Four different residential zoning ordinances are under consideration in Oxford, all of which are aimed at keeping neighborhoods free of college-student rentals.
The proposals are as follows:
- McKee Avenue, Peabody Drive, Tenney Court, and Thomson Court will have a neighborhood protection overlay in an effort to prevent properties from being rented to groups of students.
- Another low-density neighborhood overlay for 10 properties along Chestnut St. and Oak Street to keep them from becoming rental properties.
- A proposal for an amendment to a current zoning code.
- Rezoning of land in order to build 50 properties in the Heritage Vineyards subdivision, all of which will then be prohibited from being turned into student rentals.
The proposals involve what are known as residential conservation overlays, which create R-1A designations in residential zones that normally would allow rentals.
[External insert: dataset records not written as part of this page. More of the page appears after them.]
(* Let $H$ be a Hopf algebra over $\mathbb{C}$ with antipode $S$ and let $A$ be a left $H$-module algebra. On $\mathcal H_{CM}=A\rtimes H\ltimes A^{op}$ (underlying space $A\otimes H\otimes A$) define the product $(a\rtimes h\ltimes b)(a'\rtimes h'\ltimes b')=a(h_{(1)}\triangleright a')\rtimes h_{(2)}h'\ltimes(h_{(3)}\triangleright b')b$, source $\alpha(a)=a\rtimes1\ltimes1$, target $\beta(a)=1\rtimes1\ltimes a$, coproduct $\Delta(a\rtimes h\ltimes b)=(a\rtimes h_{(1)}\ltimes1)\otimes_A(1\rtimes h_{(2)}\ltimes b)$ and counit $\varepsilon(a\rtimes h\ltimes b)=a\varepsilon(h)b$. Then $\mathcal H_{CM}$ is a left $\times_A$-Hopf algebra: the map $\nu:\mathcal H_{CM}\otimes_{A^{op}}\mathcal H_{CM}\to\mathcal H_{CM}\otimes_A\mathcal H_{CM}$, $\nu((a\rtimes h\ltimes b)\otimes(a'\rtimes h'\ltimes b'))=(a\rtimes h_{(1)}\ltimes1)\otimes_A(h_{(2)}\triangleright a'\rtimes h_{(3)}h'\ltimes(h_{(4)}\triangleright b')b)$, is bijective.
   Context: A left $R$-bialgebroid is a $\mathbb{C}$-algebra $\mathcal K$ with algebra maps $\mathfrak s:R\to\mathcal K$ (source), $\mathfrak t:R^{op}\to\mathcal K$ (target) with commuting ranges, $R$-bimodule structure $r_1\cdot k\cdot r_2=\mathfrak s(r_1)\mathfrak t(r_2)k$, and $R$-bimodule maps $\Delta(k)=k_{(1)}\otimes_R k_{(2)}$, $\varepsilon:\mathcal K\to R$ forming a coassociative counital $R$-coring, with $k_{(1)}\mathfrak t(r)\otimes_R k_{(2)}=k_{(1)}\otimes_R k_{(2)}\mathfrak s(r)$, $\Delta(1)=1\otimes_R1$, $\Delta(kk')=k_{(1)}k'_{(1)}\otimes_R k_{(2)}k'_{(2)}$, $\varepsilon(1)=1_R$, $\varepsilon(kk')=\varepsilon(k\mathfrak s(\varepsilon(k')))$. It is a left $\times_R$-Hopf algebra if $\nu:\mathcal K\otimes_{R^{op}}\mathcal K\to\mathcal K\otimes_R\mathcal K$, $k\otimes k'\mapsto k_{(1)}\otimes_R k_{(2)}k'$, is bijective, where the domain is balanced by $k\mathfrak t(r)\otimes k'=k\otimes\mathfrak t(r)k'$. Sweedler notation $h_{(1)}\otimes h_{(2)}\otimes\cdots$ is used for iterated coproducts in $H$. *)

theory Defs
  imports Complex_Main "HOL-Library.Poly_Mapping"
begin

type_synonym 'a fs = "'a \<Rightarrow>\<^sub>0 complex"

definition gen :: "'a \<Rightarrow> 'a fs" where
  "gen x = Poly_Mapping.single x 1"

definition fsc :: "complex \<Rightarrow> 'a fs \<Rightarrow> 'a fs" where
  "fsc c f = Poly_Mapping.map (\<lambda>v. c * v) f"

definition lext :: "('a \<Rightarrow> 'b fs) \<Rightarrow> 'a fs \<Rightarrow> 'b fs" where
  "lext g f = (\<Sum>x\<in>Poly_Mapping.keys f. fsc (Poly_Mapping.lookup f x) (g x))"

definition bext :: "('a \<Rightarrow> 'b \<Rightarrow> 'c fs) \<Rightarrow> 'a fs \<Rightarrow> 'b fs \<Rightarrow> 'c fs" where
  "bext g f1 f2 = (\<Sum>x\<in>Poly_Mapping.keys f1. \<Sum>y\<in>Poly_Mapping.keys f2. fsc (Poly_Mapping.lookup f1 x * Poly_Mapping.lookup f2 y) (g x y))"

definition tprod :: "'a fs \<Rightarrow> 'b fs \<Rightarrow> ('a \<times> 'b) fs" where
  "tprod f g = bext (\<lambda>x y. gen (x, y)) f g"

definition fmap :: "('a \<Rightarrow> 'b) \<Rightarrow> 'a fs \<Rightarrow> 'b fs" where
  "fmap g f = lext (\<lambda>x. gen (g x)) f"

definition feval :: "(complex \<Rightarrow> 'v \<Rightarrow> 'v) \<Rightarrow> 'v::comm_monoid_add fs \<Rightarrow> 'v" where
  "feval sc f = (\<Sum>x\<in>Poly_Mapping.keys f. sc (Poly_Mapping.lookup f x) x)"

definition fspan :: "'a fs set \<Rightarrow> 'a fs set" where
  "fspan R = {(\<Sum>r\<in>F. fsc (c r) r) | F c. finite F \<and> F \<subseteq> R}"

definition fequiv :: "'a fs set \<Rightarrow> 'a fs \<Rightarrow> 'a fs \<Rightarrow> bool" where
  "fequiv R x y \<longleftrightarrow> x - y \<in> fspan R"

text \<open>free(V)/span(lin_rel sc) is V itself.\<close>
definition lin_rel :: "(complex \<Rightarrow> 'v::ab_group_add \<Rightarrow> 'v) \<Rightarrow> 'v fs set" where
  "lin_rel sc = {gen (x + y) - gen x - gen y | x y. True}
              \<union> {gen (sc c x) - fsc c (gen x) | c x. True}"

text \<open>If free(V)/R1 = V and free(W)/R2 = W then free(V x W)/trel R1 R2 = V \<otimes>_C W.\<close>
definition trel :: "'a fs set \<Rightarrow> 'b fs set \<Rightarrow> ('a \<times> 'b) fs set" where
  "trel R1 R2 = {tprod r (gen w) | r w. r \<in> R1} \<union> {tprod (gen v) r | v r. r \<in> R2}"

definition alg_over_C :: "(complex \<Rightarrow> 'h::ring_1 \<Rightarrow> 'h) \<Rightarrow> bool" where
  "alg_over_C sc \<longleftrightarrow> vector_space sc \<and>
     (\<forall>c x y. sc c (x * y) = sc c x * y \<and> sc c (x * y) = x * sc c y)"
These designations prohibit rentals to more than two unrelated people, effectively preventing a house being rented to a group of students.
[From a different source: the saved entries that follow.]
lemma finite_Icol: "finite (Icol m1 m2 i1)"
  unfolding Icol_def by (rule finite_subset[of _ "{- 2 * int m2<..- 2 * int m2 + 2 * int (col_len m1 m2 i1)}"]) auto

lemma card_Icol: "card (Icol m1 m2 i1) = col_len m1 m2 i1"
  unfolding Icol_def by (rule card_parity_interval)

lemma finite_Ipts: "finite (Ipts m1 m2)"
  unfolding Ipts_eq_Sigma_Icol by (auto intro: finite_Icol)

lemma card_Ipts: "card (Ipts m1 m2) = (2 * m1 + 1) * m2"
proof -
  have "card (Ipts m1 m2) = (\<Sum>i1\<in>{0..int m1}. col_len m1 m2 i1)"
    unfolding Ipts_eq_Sigma_Icol card_Icol[symmetric] by (rule card_SigmaI) (auto simp: finite_Icol)
  also have "\<dots> = (\<Sum>i1\<in>insert (int m1) {0..<int m1}. col_len m1 m2 i1)"
    by (rule sum.cong) auto
  also have "\<dots> = (2 * m1 + 1) * m2" by (subst sum.insert) (auto simp: col_len_def)
  finally show ?thesis .
qed

lemma finite_Kset: "finite (Kset m1 m2)"
  by (rule finite_subset[of _ "{0..2 * int m1} \<times> {- 2 * int m2..2 * int m2}"]) (auto simp: Kset_def)

lemma card_Gamma_sq: "card (Gamma_sq m1 m2) = (2 * m1 + 1) * m2"
proof -
  have "Gamma_sq m1 m2
      = Sigma {0..2 * int m1} (\<lambda>g1. {x::int. - int m2 < x \<and> x \<le> - int m2 + 2 * int m2 \<and> even (g1 + x)})"
    unfolding Gamma_sq_def Kset_def by auto
  moreover have "finite {x::int. - int m2 < x \<and> x \<le> - int m2 + 2 * int m2 \<and> even (g1 + x)}" for g1
    by (rule finite_subset[of _ "{- int m2<..- int m2 + 2 * int m2}"]) auto
  ultimately have "card (Gamma_sq m1 m2) = (\<Sum>g1\<in>{0..2 * int m1}. m2)"
    by (simp add: card_parity_interval[of "- int m2" m2, simplified])
  also have "\<dots> = (2 * m1 + 1) * m2"
    by (simp add: nat_add_distrib nat_mult_distrib)
  finally show ?thesis .
qed

lemma winner_cong:
  assumes "\<And>i. i \<in> Ipts m1 m2 \<Longrightarrow> f i = f' i" "\<And>i. i \<in> Ipts m1 m2 \<Longrightarrow> h i = h' i"
  shows "winner m1 m2 f h = winner m1 m2 f' h'"
  unfolding winner_def using assms by (intro sum.cong) auto

lemma winner_sum_right:
  "winner m1 m2 f (\<lambda>i. \<Sum>\<gamma>\<in>G. c \<gamma> * phi \<gamma> i) = (\<Sum>\<gamma>\<in>G. cnj (c \<gamma>) * winner m1 m2 f (phi \<gamma>))"
proof -
  have "winner m1 m2 f (\<lambda>i. \<Sum>\<gamma>\<in>G. c \<gamma> * phi \<gamma> i)
      = (\<Sum>i\<in>Ipts m1 m2. \<Sum>\<gamma>\<in>G. cnj (c \<gamma>) * (complex_of_real (wt m1 m2 i) * f i * cnj (phi \<gamma> i)))"
    unfolding winner_def cnj_sum complex_cnj_mult sum_distrib_left by (simp only: mult_ac)
  also have "\<dots> = (\<Sum>\<gamma>\<in>G. cnj (c \<gamma>) * winner m1 m2 f (phi \<gamma>))"
    unfolding winner_def by (subst sum.swap) (simp add: sum_distrib_left)
  finally show ?thesis .
qed

lemma chi_mult_cnj_chi:
  "chi m1 m2 (a1, a2) (i1, i2) * cnj (chi m1 m2 (b1, b2) (i1, i2))
   = complex_of_real (cos (real_of_int a1 * real_of_int i1 * pi / (2 * real m1)) * cos (real_of_int b1 * real_of_int i1 * pi / (2 * real m1)))
     * exp (\<i> * complex_of_real (real_of_int (a2 - b2) * real_of_int i2 * pi / (2 * real m2)))"
proof -
  have "cnj (exp (\<i> * complex_of_real (real_of_int b2 * real_of_int i2 * pi / (2 * real m2))))
      = exp (- (\<i> * complex_of_real (real_of_int b2 * real_of_int i2 * pi / (2 * real m2))))"
    by (simp add: exp_cnj)
  moreover have "exp (\<i> * complex_of_real (real_of_int a2 * real_of_int i2 * pi / (2 * real m2)))
     * exp (- (\<i> * complex_of_real (real_of_int b2 * real_of_int i2 * pi / (2 * real m2))))
     = exp (\<i> * complex_of_real (real_of_int (a2 - b2) * real_of_int i2 * pi / (2 * real m2)))"
    by (simp add: exp_add[symmetric] algebra_simps diff_divide_distrib)
  ultimately show ?thesis unfolding chi_def by (simp add: algebra_simps)
qed

lemma winner_chi_eq_sum_Icol:
  "winner m1 m2 (chi m1 m2 (a1, a2)) (chi m1 m2 (b1, b2))
    = (\<Sum>i1\<in>{0..int m1}. complex_of_real ((if i1 = 0 then 1 / (4 * real m1 * real m2) else 2 / (4 * real m1 * real m2))
         * (cos (real_of_int a1 * real_of_int i1 * pi / (2 * real m1)) * cos (real_of_int b1 * real_of_int i1 * pi / (2 * real m1))))
       * (\<Sum>i2\<in>Icol m1 m2 i1. exp (\<i> * complex_of_real (real_of_int (a2 - b2) * real_of_int i2 * pi / (2 * real m2)))))"
proof -
  have "winner m1 m2 (chi m1 m2 (a1, a2)) (chi m1 m2 (b1, b2))
     = (\<Sum>i1\<in>{0..int m1}. \<Sum>i2\<in>Icol m1 m2 i1.
          complex_of_real (wt m1 m2 (i1, i2)) * (chi m1 m2 (a1, a2) (i1, i2) * cnj (chi m1 m2 (b1, b2) (i1, i2))))"
    unfolding winner_def Ipts_eq_Sigma_Icol by (subst sum.Sigma) (auto simp: finite_Icol mult.assoc)
  then show ?thesis unfolding chi_mult_cnj_chi wt_def by (simp add: sum_distrib_left mult.assoc)
qed

text \<open>The column \<open>i\<^sub>1 = m\<^sub>1\<close> has only \<open>m\<^sub>2\<close> points, so there the sum vanishes only for
  even frequencies \<open>d\<close>.\<close>
lemma sum_exp_Icol_eq_0:
  fixes d :: int
  assumes d: "d \<noteq> 0" "\<bar>d\<bar> < 2 * int m2" and col: "i1 = int m1 \<Longrightarrow> even d"
  shows "(\<Sum>i2\<in>Icol m1 m2 i1. exp (\<i> * complex_of_real (real_of_int d * real_of_int i2 * pi / (2 * real m2)))) = 0"
proof -
  define n where "n = col_len m1 m2 i1"
  define b where "b = - 2 * int m2 + 1 + (- 2 * int m2 + 1 + i1) mod 2"
  have Icol: "Icol m1 m2 i1 = (\<lambda>k. b + 2 * int k) ` {..<n}"
    unfolding Icol_def n_def[symmetric] b_def using parity_interval_eq_image[of "- 2 * int m2" n i1]
    by (simp add: add.assoc)
  have "(\<Sum>i2\<in>Icol m1 m2 i1. exp (\<i> * complex_of_real (real_of_int d * real_of_int i2 * pi / (2 * real m2))))
      = (\<Sum>k<n. exp (\<i> * complex_of_real (real_of_int d * real_of_int (b + 2 * int k) * pi / (2 * real m2))))"
    unfolding Icol by (subst sum.reindex) (auto simp: inj_on_def)
  also have "\<dots> = (\<Sum>k<n. exp (\<i> * complex_of_real (real_of_int d * real_of_int b * pi / (2 * real m2)))
      * exp (\<i> * complex_of_real (real_of_int d * 2 * real k * pi / (2 * real m2))))"
    by (rule sum.cong) (auto simp: exp_add[symmetric] algebra_simps add_divide_distrib)
  also have "\<dots> = 0"
  proof (cases "i1 = int m1")
    case False
    have "\<not> int (2 * m2) dvd d" using dvd_abs_less_imp_eq_0[of "int (2 * m2)" d] d by auto
    moreover have "(\<Sum>k<n. exp (\<i> * complex_of_real (real_of_int d * 2 * real k * pi / (2 * real m2))))
        = (\<Sum>k<2 * m2. exp (\<i> * complex_of_real (2 * pi * real_of_int d * real k / real (2 * m2))))"
      using False unfolding n_def col_len_def by (intro sum.cong) (auto simp: field_simps)
    ultimately show ?thesis using sum_roots_of_unity[of "2 * m2" d] d by (simp add: sum_distrib_left[symmetric])
  next
    case True
    obtain t where t: "d = 2 * t" using col[OF True] by (auto elim: evenE)
    have "\<not> int m2 dvd t" using dvd_abs_less_imp_eq_0[of "int m2" t] d t by (auto simp: abs_mult)
    moreover have "(\<Sum>k<n. exp (\<i> * complex_of_real (real_of_int d * 2 * real k * pi / (2 * real m2))))
        = (\<Sum>k<m2. exp (\<i> * complex_of_real (2 * pi * real_of_int t * real k / real m2)))"
      using True unfolding n_def col_len_def by (intro sum.cong) (auto simp: field_simps t)
    ultimately show ?thesis using sum_roots_of_unity[of m2 t] d t by (simp add: sum_distrib_left[symmetric])
  qed
  finally show ?thesis .
qed

lemma winner_chi_eq_0_if_snd_ne:
  assumes m1: "m1 \<ge> 1" and ne: "a2 \<noteq> b2" and d: "\<bar>a2 - b2\<bar> < 2 * int m2"
    and a: "even (a1 + a2)" and b: "even (b1 + b2)"
  shows "winner m1 m2 (chi m1 m2 (a1, a2)) (chi m1 m2 (b1, b2)) = 0"
  unfolding winner_chi_eq_sum_Icol
proof (intro sum.neutral ballI)
  fix i1 :: int
  show "complex_of_real ((if i1 = 0 then 1 / (4 * real m1 * real m2) else 2 / (4 * real m1 * real m2))
         * (cos (real_of_int a1 * real_of_int i1 * pi / (2 * real m1)) * cos (real_of_int b1 * real_of_int i1 * pi / (2 * real m1))))
       * (\<Sum>i2\<in>Icol m1 m2 i1. exp (\<i> * complex_of_real (real_of_int (a2 - b2) * real_of_int i2 * pi / (2 * real m2)))) = 0"
  proof (cases "i1 = int m1 \<and> odd (a2 - b2)")
    case True
    text \<open>Then \<open>a\<^sub>1\<close> or \<open>b\<^sub>1\<close> is odd, and \<open>cos (k \<pi> / 2) = 0\<close> for odd \<open>k\<close>.\<close>
    have "odd a1 \<or> odd b1" using True a b by presburger
    moreover have "cos (real_of_int k * real_of_int (int m1) * pi / (2 * real m1)) = 0" if "odd k" for k :: int
    proof -
      have "real_of_int k * real_of_int (int m1) * pi / (2 * real m1) = of_int k * (pi / 2)"
        using m1 by (simp add: field_simps)
      then show ?thesis using that cos_zero_iff_int by auto
    qed
    ultimately show ?thesis using True by auto
  next
    case False
    then show ?thesis using sum_exp_Icol_eq_0[of "a2 - b2" m2 i1 m1] ne d by auto
  qed
qed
Along US 27 sit McKee Ave. and Peabody Drive, with their two connected cul-de-sacs, on the south edge of Oxford. Residents of this community presented a petition at the Feb. 5 city council meeting to change the zoning regulations of their streets in an effort to keep it a neighborhood of family homes.
Sam Perry, Oxford’s community development director, spoke at the same meeting about the other proposed zone changes. All three had the same goals as the McKee/Peabody petition.
The proposal for Heritage differs slightly in that it involves land on which houses have not yet been built. The developer, seeking to build a new subdivision which could eventually include 50 homes, wants to construct it with a built-in restriction against the homes becoming student rentals. Perry said the restriction would be a selling point for the new homes, which would be built just past the Oxford Country Club, connecting Country Club Drive and Old Farm Road.
The four proposals are all in various stages of the planning and zoning processes, which require presentation to council, consideration by the planning commission and finally the passing of two separate readings by council. All of the proposals require at least one more hearing before council before they are finalized.
The city has already created more than a dozen similar overlay zones in the past.